The life Katherine was born into in 1984 wasn’t easy. As she explains at the beginning of resilient, her parents were ill-equipped for adulthood, let alone parenting. And when their issues—mental illness, addiction, and trauma of their own—started to interfere with their ability to care for Katherine and her siblings, life only became harder. Poverty worsened. Addictions worsened. Twice before her tenth birthday, Katherine was sexually abused.
When foster care intervened, although Katherine was placed into a safe, loving home, the journey she’d been forced to walk in early childhood didn’t suddenly change. Instead, her teen years were spent surviving further violence, including multiple sexual assaults, self-harm, and addictive tendencies of her own.

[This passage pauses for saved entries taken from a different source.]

lemma sorted_list_of_set_remove_two:
  assumes "k \<le> N"
  shows "sorted_list_of_set ({0..N+1} - {N - k, N + 1}) = map (col_shift {N - k..<N}) [0..<N]"
proof -
  let ?h = "col_shift {N - k..<N}"
  have "sorted_wrt (<) (map ?h [0..<N])"
    by (auto simp: sorted_wrt_map sorted_wrt_iff_nth_less col_shift_def)
  moreover have "set (map ?h [0..<N]) = {0..N+1} - {N - k, N + 1}"
  proof (intro equalityI subsetI)
    fix x assume "x \<in> set (map ?h [0..<N])"
    then show "x \<in> {0..N+1} - {N - k, N + 1}"
      using assms by (auto simp: col_shift_def)
  next
    fix x assume x: "x \<in> {0..N+1} - {N - k, N + 1}"
    show "x \<in> set (map ?h [0..<N])"
    proof (cases "x < N - k")
      case True
      then have "x = ?h x" "x < N"
        by (auto simp: col_shift_def)
      then show ?thesis
        by (metis atLeastLessThan_iff image_eqI le0 set_map set_upt)
    next
      case False
      then have "x = ?h (x - 1)" "x - 1 < N"
        using x by (auto simp: col_shift_def)
      then show ?thesis
        by (metis atLeastLessThan_iff image_eqI le0 set_map set_upt)
    qed
  qed
  moreover have "length (map ?h [0..<N]) = card ({0..N+1} - {N - k, N + 1})"
    using assms by (simp add: card_Diff_subset)
  ultimately show ?thesis
    by (metis finite_Diff finite_atLeastAtMost sorted_list_of_set_unique)
qed

theorem lemma6:
  fixes N :: nat and a1 a2 a3 :: real and p c c' :: "nat \<Rightarrow> real" and l m n s :: int
  assumes "N \<ge> 1" and "a1 > a2" and "a2 > a3"
  shows "utau N a1 a2 a3 p c c' s (l + 1) m n =
         Max ((\<lambda>k1. utauc N a1 a2 a3 p c c' l m n s (N - k1) (N + 1) - real k1 * a1) ` {0..N})"
proof -
  define F where "F i x = uphi a1 a2 a3 (p i) (c i) (c' i) l m n (s + int x)" for i x
  have convex: "2 * F i (Suc x) \<le> F i x + F i (Suc (Suc x))" for i x
    using uphi_convex[of a1 a2 a3 "p i" "c i" "c' i" l m n "s + int x"]
    by (simp add: F_def ac_simps)
  have "utau N a1 a2 a3 p c c' s (l + 1) m n = upmax N (\<lambda>i j. max (F i (Suc j) - a1) (F i j))"
    unfolding utau_def F_def uphi_Suc_l by (simp add: ac_simps)
  also have "\<dots> = Max ((\<lambda>k. upmax N (\<lambda>i j. F i (col_shift {N - k..<N} j)) - real k * a1) ` {0..N})"
    by (rule upmax_max_shift_eq_Max_top[where F = F, OF convex])
  also have "\<dots> = Max ((\<lambda>k1. utauc N a1 a2 a3 p c c' l m n s (N - k1) (N + 1) - real k1 * a1) ` {0..N})"
    unfolding utauc_def F_def
    by (intro arg_cong[where f = Max] image_cong refl arg_cong2[where f = minus] upmax_cong)
      (use sorted_list_of_set_remove_two in simp)
  finally show ?thesis .
qed

end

Through it all, Katherine was told she was resilient—for surviving so much, for performing academically as well as she did, and simply for the sake of being a kid, because “kids are so resilient,” as many quickly say, without acknowledging what that child may have survived. The word “resilient” started to mean something else to Katherine entirely, and over the years, she came to resent the term. resilient is her story of how that resentment came to be…and how that resentment finally turned in to a resilience all her own.
It would be easy for me to say I love this book so much because I’m biased, because I was one of the editors for the book. resilient first came to my desk in January of 2021, and Katherine and I worked through multiple rounds of edits together. Then, I helped her with the marketing plan for it. I think I’ve read the book six times in less than nine months, cover-to-cover, if not a couple more. And every time I read it, I find something else I love about it.
resilient is so much more than a memoir. It’s a guiding light. Like the butterfly on the cover—a creature that emerges from darkness into something beautiful—resilient is a symbol of hope to all of us who have survived those things that so many would prefer us to keep shrouded in darkness. Childhood abuse and neglect. Sexual violence. Poverty. Addiction. Depression, suicide attempts, and that aching loneliness and sense of failure that plagues many of us. Reading the story of how Katherine survived all of that and more, and then found the courage to write about it, sharing her story in the simple hope that it might be reassuring to someone else—that it might tell someone else they aren’t alone—is wholly inspirational.
It’s the book that every single person needs to read. Survivors, allies of survivors, those who work in trauma, and those who only know “trauma” as a word other people use. Of all the memoirs of survival I’ve read, resilient is the greatest telling of stories that should never remain untold.